Your assignment
Every entry must come back exactly as it was given.

── Available data

lemma adj_diag_in_basis:
  assumes "U \<in> carrier_mat m m"
  shows "adj (diag_in_basis U f) = diag_in_basis U (\<lambda>x. cnj (f x))"
  by (rule eq_matI) (use assms in \<open>auto simp: index_diag_in_basis cnj_sum mult_ac\<close>)

lemma smult_diag_in_basis:
  assumes "U \<in> carrier_mat m m"
  shows "c \<cdot>\<^sub>m diag_in_basis U f = diag_in_basis U (\<lambda>x. c * f x)"
  by (rule eq_matI) (use assms in \<open>auto simp: index_diag_in_basis sum_distrib_left mult_ac\<close>)

lemma diag_in_basis_pow:
  assumes "unitary_mat m U"
  shows "diag_in_basis U f ^\<^sub>m k = diag_in_basis U (\<lambda>x. f x ^ k)"
proof (induction k)
  case 0
  have "dim_row U = m" using assms unfolding unitary_mat_def by auto
  then show ?case using diag_in_basis_one[OF assms] by simp
next
  case (Suc k)
  then show ?case using diag_in_basis_mult[OF assms] by (simp add: mult.commute)
qed

lemma mexp_diag_in_basis:
  assumes "unitary_mat m U"
  shows "mexp (diag_in_basis U f) = diag_in_basis U (\<lambda>x. exp (f x))"
proof -
  have U: "U \<in> carrier_mat m m" using assms unfolding unitary_mat_def by auto
  have exp_sums: "(\<lambda>k. z ^ k / of_nat (fact k)) sums exp z" for z :: complex
    using exp_converges[of z] by (simp add: scaleR_conv_of_real divide_inverse_commute)
  show ?thesis
  proof (rule eq_matI)
    fix r s assume "r < dim_row (diag_in_basis U (\<lambda>x. exp (f x)))" "s < dim_col (diag_in_basis U (\<lambda>x. exp (f x)))"
    then have rs: "r < m" "s < m" using U by auto
    have "(\<lambda>k. \<Sum>x<m. U $$ (r,x) * (f x ^ k / of_nat (fact k)) * cnj (U $$ (s,x))) sums
        (\<Sum>x<m. U $$ (r,x) * exp (f x) * cnj (U $$ (s,x)))"
      by (intro sums_sum sums_mult sums_mult2 exp_sums)
    then have "(\<lambda>k. (diag_in_basis U f ^\<^sub>m k) $$ (r,s) / of_nat (fact k)) sums
        diag_in_basis U (\<lambda>x. exp (f x)) $$ (r,s)"
      unfolding diag_in_basis_pow[OF assms] index_diag_in_basis[OF U rs]
      by (simp add: sum_divide_distrib algebra_simps)
    then show "mexp (diag_in_basis U f) $$ (r,s) = diag_in_basis U (\<lambda>x. exp (f x)) $$ (r,s)"
      unfolding mexp_def using rs U by (simp add: sums_iff)
  qed (use U in \<open>auto simp: mexp_def\<close>)
qed

lemma time_evol_diag_in_basis:
  assumes "unitary_mat m U"
  shows "time_evol (diag_in_basis U e) t = diag_in_basis U (\<lambda>x. exp (- \<i> * complex_of_real t * e x))"
proof -
  have "U \<in> carrier_mat m m" using assms unfolding unitary_mat_def by simp
  then show ?thesis
    unfolding time_evol_def smult_diag_in_basis[OF \<open>U \<in> carrier_mat m m\<close>] mexp_diag_in_basis[OF assms] by simp
qed

lemma eigenbasis_diag_in_basis:
  assumes H: "H \<in> carrier_mat m m" and U: "unitary_mat m U"
    and eigen: "\<And>x. x < m \<Longrightarrow> H *\<^sub>v col U x = e x \<cdot>\<^sub>v col U x"
  shows "H = diag_in_basis U e"
proof -
  have Uc: "U \<in> carrier_mat m m" "U * adj U = 1\<^sub>m m" using U unfolding unitary_mat_def by auto
  have HU: "H * U = U * mat_diag m e"
  proof (rule eq_matI)
    fix i j assume "i < dim_row (U * mat_diag m e)" "j < dim_col (U * mat_diag m e)"
    then have ij: "i < m" "j < m" using Uc by (auto simp: mat_diag_def)
    have "(H * U) $$ (i,j) = (H *\<^sub>v col U j) $ i" using H Uc ij by (simp add: index_mult_mat)
    also have "\<dots> = U $$ (i,j) * e j" using eigen[OF ij(2)] Uc ij by (simp add: mult.commute)
    finally show "(H * U) $$ (i,j) = (U * mat_diag m e) $$ (i,j)"
      using Uc ij by (simp add: mat_diag_mult_right[of _ m])
  qed (use H Uc in \<open>auto simp: mat_diag_def\<close>)
  have "H = H * (U * adj U)" using H Uc by simp
  also have "\<dots> = H * U * adj U" using H Uc by (simp add: assoc_mult_mat[of _ m m _ m _ m])
  finally show ?thesis unfolding HU diag_in_basis_def using Uc by simp
qed

section \<open>Channels in Kraus form\<close>

definition kraus_map :: "nat \<Rightarrow> nat \<Rightarrow> (nat \<Rightarrow> complex mat) \<Rightarrow> complex mat \<Rightarrow> complex mat" where
  "kraus_map m N K X = mat m m (\<lambda>(r,s). \<Sum>l<N. (K l * X * adj (K l)) $$ (r,s))"

lemma kraus_map_carrier [simp]: "kraus_map m N K X \<in> carrier_mat m m"
  unfolding kraus_map_def by simp

lemma dim_kraus_map [simp]: "dim_row (kraus_map m N K X) = m" "dim_col (kraus_map m N K X) = m"
  unfolding kraus_map_def by simp_all

lemma index_kraus_map:
  "r < m \<Longrightarrow> s < m \<Longrightarrow> kraus_map m N K X $$ (r,s) = (\<Sum>l<N. (K l * X * adj (K l)) $$ (r,s))"
  unfolding kraus_map_def by simp

lemma kraus_map_linear:
  assumes K: "\<And>l. l < N \<Longrightarrow> K l \<in> carrier_mat m m" and "X \<in> carrier_mat m m" "Y \<in> carrier_mat m m"
  shows "kraus_map m N K (a \<cdot>\<^sub>m X + b \<cdot>\<^sub>m Y) = a \<cdot>\<^sub>m kraus_map m N K X + b \<cdot>\<^sub>m kraus_map m N K Y"
proof (rule eq_matI)
  fix r s assume "r < dim_row (a \<cdot>\<^sub>m kraus_map m N K X + b \<cdot>\<^sub>m kraus_map m N K Y)"
    "s < dim_col (a \<cdot>\<^sub>m kraus_map m N K X + b \<cdot>\<^sub>m kraus_map m N K Y)"
  then have rs: "r < m" "s < m" by auto
  have "(K l * (a \<cdot>\<^sub>m X + b \<cdot>\<^sub>m Y) * adj (K l)) $$ (r,s)
      = a * (K l * X * adj (K l)) $$ (r,s) + b * (K l * Y * adj (K l)) $$ (r,s)" if "l < N" for l
    using K[OF that] assms(2,3) rs
    by (simp add: index_mult_mult_adj[of _ m m] algebra_simps sum.distrib sum_distrib_left)
  then show "kraus_map m N K (a \<cdot>\<^sub>m X + b \<cdot>\<^sub>m Y) $$ (r,s)
      = (a \<cdot>\<^sub>m kraus_map m N K X + b \<cdot>\<^sub>m kraus_map m N K Y) $$ (r,s)"
    using rs by (simp add: index_kraus_map sum.distrib sum_distrib_left)
qed auto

────

Answer box
lemma adj_diag_in_basis:
  assumes "U \<in> carrier_mat m m"
  shows "adj (diag_in_basis U f) = diag_in_basis U (\<lambda>x. cnj (f x))"
  by (rule eq_matI) (use assms in \<open>auto simp: index_diag_in_basis cnj_sum mult_ac\<close>)

lemma smult_diag_in_basis:
  assumes "U \<in> carrier_mat m m"
  shows "c \<cdot>\<^sub>m diag_in_basis U f = diag_in_basis U (\<lambda>x. c * f x)"
  by (rule eq_matI) (use assms in \<open>auto simp: index_diag_in_basis sum_distrib_left mult_ac\<close>)

lemma diag_in_basis_pow:
  assumes "unitary_mat m U"
  shows "diag_in_basis U f ^\<^sub>m k = diag_in_basis U (\<lambda>x. f x ^ k)"
proof (induction k)
  case 0
  have "dim_row U = m" using assms unfolding unitary_mat_def by auto
  then show ?case using diag_in_basis_one[OF assms] by simp
next
  case (Suc k)
  then show ?case using diag_in_basis_mult[OF assms] by (simp add: mult.commute)
qed

lemma mexp_diag_in_basis:
  assumes "unitary_mat m U"
  shows "mexp (diag_in_basis U f) = diag_in_basis U (\<lambda>x. exp (f x))"
proof -
  have U: "U \<in> carrier_mat m m" using assms unfolding unitary_mat_def by auto
  have exp_sums: "(\<lambda>k. z ^ k / of_nat (fact k)) sums exp z" for z :: complex
    using exp_converges[of z] by (simp add: scaleR_conv_of_real divide_inverse_commute)
  show ?thesis
  proof (rule eq_matI)
    fix r s assume "r < dim_row (diag_in_basis U (\<lambda>x. exp (f x)))" "s < dim_col (diag_in_basis U (\<lambda>x. exp (f x)))"
    then have rs: "r < m" "s < m" using U by auto
    have "(\<lambda>k. \<Sum>x<m. U $$ (r,x) * (f x ^ k / of_nat (fact k)) * cnj (U $$ (s,x))) sums
        (\<Sum>x<m. U $$ (r,x) * exp (f x) * cnj (U $$ (s,x)))"
      by (intro sums_sum sums_mult sums_mult2 exp_sums)
    then have "(\<lambda>k. (diag_in_basis U f ^\<^sub>m k) $$ (r,s) / of_nat (fact k)) sums
        diag_in_basis U (\<lambda>x. exp (f x)) $$ (r,s)"
      unfolding diag_in_basis_pow[OF assms] index_diag_in_basis[OF U rs]
      by (simp add: sum_divide_distrib algebra_simps)
    then show "mexp (diag_in_basis U f) $$ (r,s) = diag_in_basis U (\<lambda>x. exp (f x)) $$ (r,s)"
      unfolding mexp_def using rs U by (simp add: sums_iff)
  qed (use U in \<open>auto simp: mexp_def\<close>)
qed

lemma time_evol_diag_in_basis:
  assumes "unitary_mat m U"
  shows "time_evol (diag_in_basis U e) t = diag_in_basis U (\<lambda>x. exp (- \<i> * complex_of_real t * e x))"
proof -
  have "U \<in> carrier_mat m m" using assms unfolding unitary_mat_def by simp
  then show ?thesis
    unfolding time_evol_def smult_diag_in_basis[OF \<open>U \<in> carrier_mat m m\<close>] mexp_diag_in_basis[OF assms] by simp
qed

lemma eigenbasis_diag_in_basis:
  assumes H: "H \<in> carrier_mat m m" and U: "unitary_mat m U"
    and eigen: "\<And>x. x < m \<Longrightarrow> H *\<^sub>v col U x = e x \<cdot>\<^sub>v col U x"
  shows "H = diag_in_basis U e"
proof -
  have Uc: "U \<in> carrier_mat m m" "U * adj U = 1\<^sub>m m" using U unfolding unitary_mat_def by auto
  have HU: "H * U = U * mat_diag m e"
  proof (rule eq_matI)
    fix i j assume "i < dim_row (U * mat_diag m e)" "j < dim_col (U * mat_diag m e)"
    then have ij: "i < m" "j < m" using Uc by (auto simp: mat_diag_def)
    have "(H * U) $$ (i,j) = (H *\<^sub>v col U j) $ i" using H Uc ij by (simp add: index_mult_mat)
    also have "\<dots> = U $$ (i,j) * e j" using eigen[OF ij(2)] Uc ij by (simp add: mult.commute)
    finally show "(H * U) $$ (i,j) = (U * mat_diag m e) $$ (i,j)"
      using Uc ij by (simp add: mat_diag_mult_right[of _ m])
  qed (use H Uc in \<open>auto simp: mat_diag_def\<close>)
  have "H = H * (U * adj U)" using H Uc by simp
  also have "\<dots> = H * U * adj U" using H Uc by (simp add: assoc_mult_mat[of _ m m _ m _ m])
  finally show ?thesis unfolding HU diag_in_basis_def using Uc by simp
qed

section \<open>Channels in Kraus form\<close>

definition kraus_map :: "nat \<Rightarrow> nat \<Rightarrow> (nat \<Rightarrow> complex mat) \<Rightarrow> complex mat \<Rightarrow> complex mat" where
  "kraus_map m N K X = mat m m (\<lambda>(r,s). \<Sum>l<N. (K l * X * adj (K l)) $$ (r,s))"

lemma kraus_map_carrier [simp]: "kraus_map m N K X \<in> carrier_mat m m"
  unfolding kraus_map_def by simp

lemma dim_kraus_map [simp]: "dim_row (kraus_map m N K X) = m" "dim_col (kraus_map m N K X) = m"
  unfolding kraus_map_def by simp_all

lemma index_kraus_map:
  "r < m \<Longrightarrow> s < m \<Longrightarrow> kraus_map m N K X $$ (r,s) = (\<Sum>l<N. (K l * X * adj (K l)) $$ (r,s))"
  unfolding kraus_map_def by simp

lemma kraus_map_linear:
  assumes K: "\<And>l. l < N \<Longrightarrow> K l \<in> carrier_mat m m" and "X \<in> carrier_mat m m" "Y \<in> carrier_mat m m"
  shows "kraus_map m N K (a \<cdot>\<^sub>m X + b \<cdot>\<^sub>m Y) = a \<cdot>\<^sub>m kraus_map m N K X + b \<cdot>\<^sub>m kraus_map m N K Y"
proof (rule eq_matI)
  fix r s assume "r < dim_row (a \<cdot>\<^sub>m kraus_map m N K X + b \<cdot>\<^sub>m kraus_map m N K Y)"
    "s < dim_col (a \<cdot>\<^sub>m kraus_map m N K X + b \<cdot>\<^sub>m kraus_map m N K Y)"
  then have rs: "r < m" "s < m" by auto
  have "(K l * (a \<cdot>\<^sub>m X + b \<cdot>\<^sub>m Y) * adj (K l)) $$ (r,s)
      = a * (K l * X * adj (K l)) $$ (r,s) + b * (K l * Y * adj (K l)) $$ (r,s)" if "l < N" for l
    using K[OF that] assms(2,3) rs
    by (simp add: index_mult_mult_adj[of _ m m] algebra_simps sum.distrib sum_distrib_left)
  then show "kraus_map m N K (a \<cdot>\<^sub>m X + b \<cdot>\<^sub>m Y) $$ (r,s)
      = (a \<cdot>\<^sub>m kraus_map m N K X + b \<cdot>\<^sub>m kraus_map m N K Y) $$ (r,s)"
    using rs by (simp add: index_kraus_map sum.distrib sum_distrib_left)
qed auto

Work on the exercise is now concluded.